-------- GIVEN INFORMATION
lemma parity_cocycles_span:
  assumes \<Phi>: "\<Phi> \<in> cyc_cocycles \<theta> 2"
  shows "\<exists>c. (\<lambda>xs. \<Phi> xs - (\<Sum>i<4. c i * parity_cocycle \<theta> i xs)) \<in> cyc_coboundaries \<theta> 2"
proof -
  define P where "P = untwist \<theta> \<Phi>"
  note P_props = primitive2_props[OF untwist_cyc_cocycle2[OF \<Phi>], folded P_def]
  define \<psi> where "\<psi> xs = (if length xs = 2 then primitive2 P (xs!0) (xs!1) / gauge \<theta> xs else 0)"
    for xs
  define c where "c i = class_const P (parity_class i)" for i
  have "\<psi> \<in> cyc_cochains 1"
    unfolding cyc_cochains_def cochains_def
  proof (intro CollectI conjI allI impI)
    fix xs :: "mono list"
    assume "length xs = 1 + 1"
    then obtain a b where xs: "xs = [a,b]"
      using length_2_cases[of xs] by auto
    show "tw_lambda 1 \<psi> xs = \<psi> xs"
      using P_props(1)[of a b] by (simp add: xs tw_lambda_def \<psi>_def gauge_rotate)
  qed (simp add: \<psi>_def)
  moreover have "\<Phi> xs - (\<Sum>i<4. c i * parity_cocycle \<theta> i xs) = tw_b \<theta> 1 \<psi> xs" for xs
  proof (cases "length xs = 3")
    case True
    then obtain a b c' where xs: "xs = [a,b,c']"
      using length_3_cases by blast
    have "gauge \<theta> xs * tw_b \<theta> 1 \<psi> xs = P [a,b,c'] - class_const P (parity (a+b+c'))"
      unfolding xs untwist_tw_b1 by (simp add: untwist_def \<psi>_def P_props(2))
    also have "class_const P (parity (a+b+c'))
        = (\<Sum>i<4. c i * untwist \<theta> (parity_cocycle \<theta> i) [a,b,c'])"
      unfolding untwist_parity_cocycle c_def by (rule sum_parity_classes[symmetric])
    finally have "gauge \<theta> xs * tw_b \<theta> 1 \<psi> xs
        = gauge \<theta> xs * (\<Phi> xs - (\<Sum>i<4. c i * parity_cocycle \<theta> i xs))"
      by (simp add: P_def untwist_def xs right_diff_distrib sum_distrib_left mult_ac)
    then show ?thesis
      by simp
  next
    case False
    then show ?thesis
      using \<Phi> by (simp add: tw_b_def parity_cocycle_def cyc_cocycles_def cyc_cochains_def
          cochains_def)
  qed
  ultimately show ?thesis
    by (auto simp: cyc_coboundaries_def intro!: exI[of _ c])
qed

text \<open>Independence: if a combination of the parity cocycles is the coboundary of a cyclic
  1-cochain \<open>\<psi>\<close>, evaluating at \<open>[r,0,0]\<close> and \<open>[r,-r,r]\<close> (for \<open>r = parity_class j\<close>) gives
  \<open>c j = p [r,0]\<close> and \<open>c j = -3 p [r,0]\<close> for the untwisted form \<open>p\<close> of \<open>\<psi>\<close>, so \<open>c j = 0\<close>.\<close>

lemma parity_cocycles_independent:
  assumes "(\<lambda>xs. \<Sum>i<4. c i * parity_cocycle \<theta> i xs) \<in> cyc_coboundaries \<theta> 2" and j: "j < 4"
  shows "c j = 0"
proof -
  obtain \<psi> where \<psi>: "\<psi> \<in> cyc_cochains 1"
    and eq: "(\<lambda>xs. \<Sum>i<4. c i * parity_cocycle \<theta> i xs) = tw_b \<theta> 1 \<psi>"
    using assms by (auto simp: cyc_coboundaries_def)
  define p where "p = untwist \<theta> \<psi>"
  have cyc: "p [a,b] = - p [-b,a]" for a b
    using \<psi> tw_lambda_eval(2)[of \<psi> a b] by (simp add: cyc_cochains_def p_def untwist_def gauge_rotate)
  have eval: "(\<Sum>i<4. c i * (if parity (a+b+d) = parity_class i then 1 else 0))
      = p [a+b,d] - p [a,b+d] + p [a-d,b]" for a b d
  proof -
    have "gauge \<theta> [a,b,d] * (\<Sum>i<4. c i * parity_cocycle \<theta> i [a,b,d])
        = gauge \<theta> [a,b,d] * tw_b \<theta> 1 \<psi> [a,b,d]"
      using fun_cong[OF eq, of "[a,b,d]"] by simp
    then have "(\<Sum>i<4. c i * untwist \<theta> (parity_cocycle \<theta> i) [a,b,d])
        = p [a+b,d] - p [a,b+d] + p [a-d,b]"
      unfolding untwist_tw_b1 p_def[symmetric] by (simp add: untwist_def sum_distrib_left mult_ac)
    then show ?thesis
      by (simp only: untwist_parity_cocycle)
  qed
  let ?r = "parity_class j"
  have "c j = p [?r,0]"
    using eval[of ?r 0 0] sum_parity_classes_at[OF j, of c] by simp
  moreover have "c j = p [0,?r] - p [?r,0] + p [0,-?r]"
    using eval[of ?r "-?r" ?r] sum_parity_classes_at[OF j, of c] by simp
  moreover have "p [0,?r] = - p [?r,0]" and "p [0,-?r] = - p [?r,0]"
    using cyc[of 0 ?r] cyc[of "-?r" 0] cyc[of 0 "-?r"] by simp_all
  ultimately show "c j = 0"
    by simp
qed

theorem HC2_four_dimensional: "HC_dim \<theta> 2 4"
  unfolding HC_dim_def
  using parity_cocycle_cocycle parity_cocycles_span parity_cocycles_independent by blast

theorem mainTheorem11:
  fixes \<theta> :: real
  assumes "\<theta> \<notin> \<rat>"
  shows "HC_zero \<theta> 1 \<and> HC_dim \<theta> 2 4"
  using HC1_vanishes HC2_four_dimensional by blast

end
----------------
HOW TO COMPLETE THIS TASK -> What you return must match the data word for word.

RESPONSE TO THE EXERCISE ->
lemma parity_cocycles_span:
  assumes \<Phi>: "\<Phi> \<in> cyc_cocycles \<theta> 2"
  shows "\<exists>c. (\<lambda>xs. \<Phi> xs - (\<Sum>i<4. c i * parity_cocycle \<theta> i xs)) \<in> cyc_coboundaries \<theta> 2"
proof -
  define P where "P = untwist \<theta> \<Phi>"
  note P_props = primitive2_props[OF untwist_cyc_cocycle2[OF \<Phi>], folded P_def]
  define \<psi> where "\<psi> xs = (if length xs = 2 then primitive2 P (xs!0) (xs!1) / gauge \<theta> xs else 0)"
    for xs
  define c where "c i = class_const P (parity_class i)" for i
  have "\<psi> \<in> cyc_cochains 1"
    unfolding cyc_cochains_def cochains_def
  proof (intro CollectI conjI allI impI)
    fix xs :: "mono list"
    assume "length xs = 1 + 1"
    then obtain a b where xs: "xs = [a,b]"
      using length_2_cases[of xs] by auto
    show "tw_lambda 1 \<psi> xs = \<psi> xs"
      using P_props(1)[of a b] by (simp add: xs tw_lambda_def \<psi>_def gauge_rotate)
  qed (simp add: \<psi>_def)
  moreover have "\<Phi> xs - (\<Sum>i<4. c i * parity_cocycle \<theta> i xs) = tw_b \<theta> 1 \<psi> xs" for xs
  proof (cases "length xs = 3")
    case True
    then obtain a b c' where xs: "xs = [a,b,c']"
      using length_3_cases by blast
    have "gauge \<theta> xs * tw_b \<theta> 1 \<psi> xs = P [a,b,c'] - class_const P (parity (a+b+c'))"
      unfolding xs untwist_tw_b1 by (simp add: untwist_def \<psi>_def P_props(2))
    also have "class_const P (parity (a+b+c'))
        = (\<Sum>i<4. c i * untwist \<theta> (parity_cocycle \<theta> i) [a,b,c'])"
      unfolding untwist_parity_cocycle c_def by (rule sum_parity_classes[symmetric])
    finally have "gauge \<theta> xs * tw_b \<theta> 1 \<psi> xs
        = gauge \<theta> xs * (\<Phi> xs - (\<Sum>i<4. c i * parity_cocycle \<theta> i xs))"
      by (simp add: P_def untwist_def xs right_diff_distrib sum_distrib_left mult_ac)
    then show ?thesis
      by simp
  next
    case False
    then show ?thesis
      using \<Phi> by (simp add: tw_b_def parity_cocycle_def cyc_cocycles_def cyc_cochains_def
          cochains_def)
  qed
  ultimately show ?thesis
    by (auto simp: cyc_coboundaries_def intro!: exI[of _ c])
qed

text \<open>Independence: if a combination of the parity cocycles is the coboundary of a cyclic
  1-cochain \<open>\<psi>\<close>, evaluating at \<open>[r,0,0]\<close> and \<open>[r,-r,r]\<close> (for \<open>r = parity_class j\<close>) gives
  \<open>c j = p [r,0]\<close> and \<open>c j = -3 p [r,0]\<close> for the untwisted form \<open>p\<close> of \<open>\<psi>\<close>, so \<open>c j = 0\<close>.\<close>

lemma parity_cocycles_independent:
  assumes "(\<lambda>xs. \<Sum>i<4. c i * parity_cocycle \<theta> i xs) \<in> cyc_coboundaries \<theta> 2" and j: "j < 4"
  shows "c j = 0"
proof -
  obtain \<psi> where \<psi>: "\<psi> \<in> cyc_cochains 1"
    and eq: "(\<lambda>xs. \<Sum>i<4. c i * parity_cocycle \<theta> i xs) = tw_b \<theta> 1 \<psi>"
    using assms by (auto simp: cyc_coboundaries_def)
  define p where "p = untwist \<theta> \<psi>"
  have cyc: "p [a,b] = - p [-b,a]" for a b
    using \<psi> tw_lambda_eval(2)[of \<psi> a b] by (simp add: cyc_cochains_def p_def untwist_def gauge_rotate)
  have eval: "(\<Sum>i<4. c i * (if parity (a+b+d) = parity_class i then 1 else 0))
      = p [a+b,d] - p [a,b+d] + p [a-d,b]" for a b d
  proof -
    have "gauge \<theta> [a,b,d] * (\<Sum>i<4. c i * parity_cocycle \<theta> i [a,b,d])
        = gauge \<theta> [a,b,d] * tw_b \<theta> 1 \<psi> [a,b,d]"
      using fun_cong[OF eq, of "[a,b,d]"] by simp
    then have "(\<Sum>i<4. c i * untwist \<theta> (parity_cocycle \<theta> i) [a,b,d])
        = p [a+b,d] - p [a,b+d] + p [a-d,b]"
      unfolding untwist_tw_b1 p_def[symmetric] by (simp add: untwist_def sum_distrib_left mult_ac)
    then show ?thesis
      by (simp only: untwist_parity_cocycle)
  qed
  let ?r = "parity_class j"
  have "c j = p [?r,0]"
    using eval[of ?r 0 0] sum_parity_classes_at[OF j, of c] by simp
  moreover have "c j = p [0,?r] - p [?r,0] + p [0,-?r]"
    using eval[of ?r "-?r" ?r] sum_parity_classes_at[OF j, of c] by simp
  moreover have "p [0,?r] = - p [?r,0]" and "p [0,-?r] = - p [?r,0]"
    using cyc[of 0 ?r] cyc[of "-?r" 0] cyc[of 0 "-?r"] by simp_all
  ultimately show "c j = 0"
    by simp
qed

theorem HC2_four_dimensional: "HC_dim \<theta> 2 4"
  unfolding HC_dim_def
  using parity_cocycle_cocycle parity_cocycles_span parity_cocycles_independent by blast

theorem mainTheorem11:
  fixes \<theta> :: real
  assumes "\<theta> \<notin> \<rat>"
  shows "HC_zero \<theta> 1 \<and> HC_dim \<theta> 2 4"
  using HC1_vanishes HC2_four_dimensional by blast

end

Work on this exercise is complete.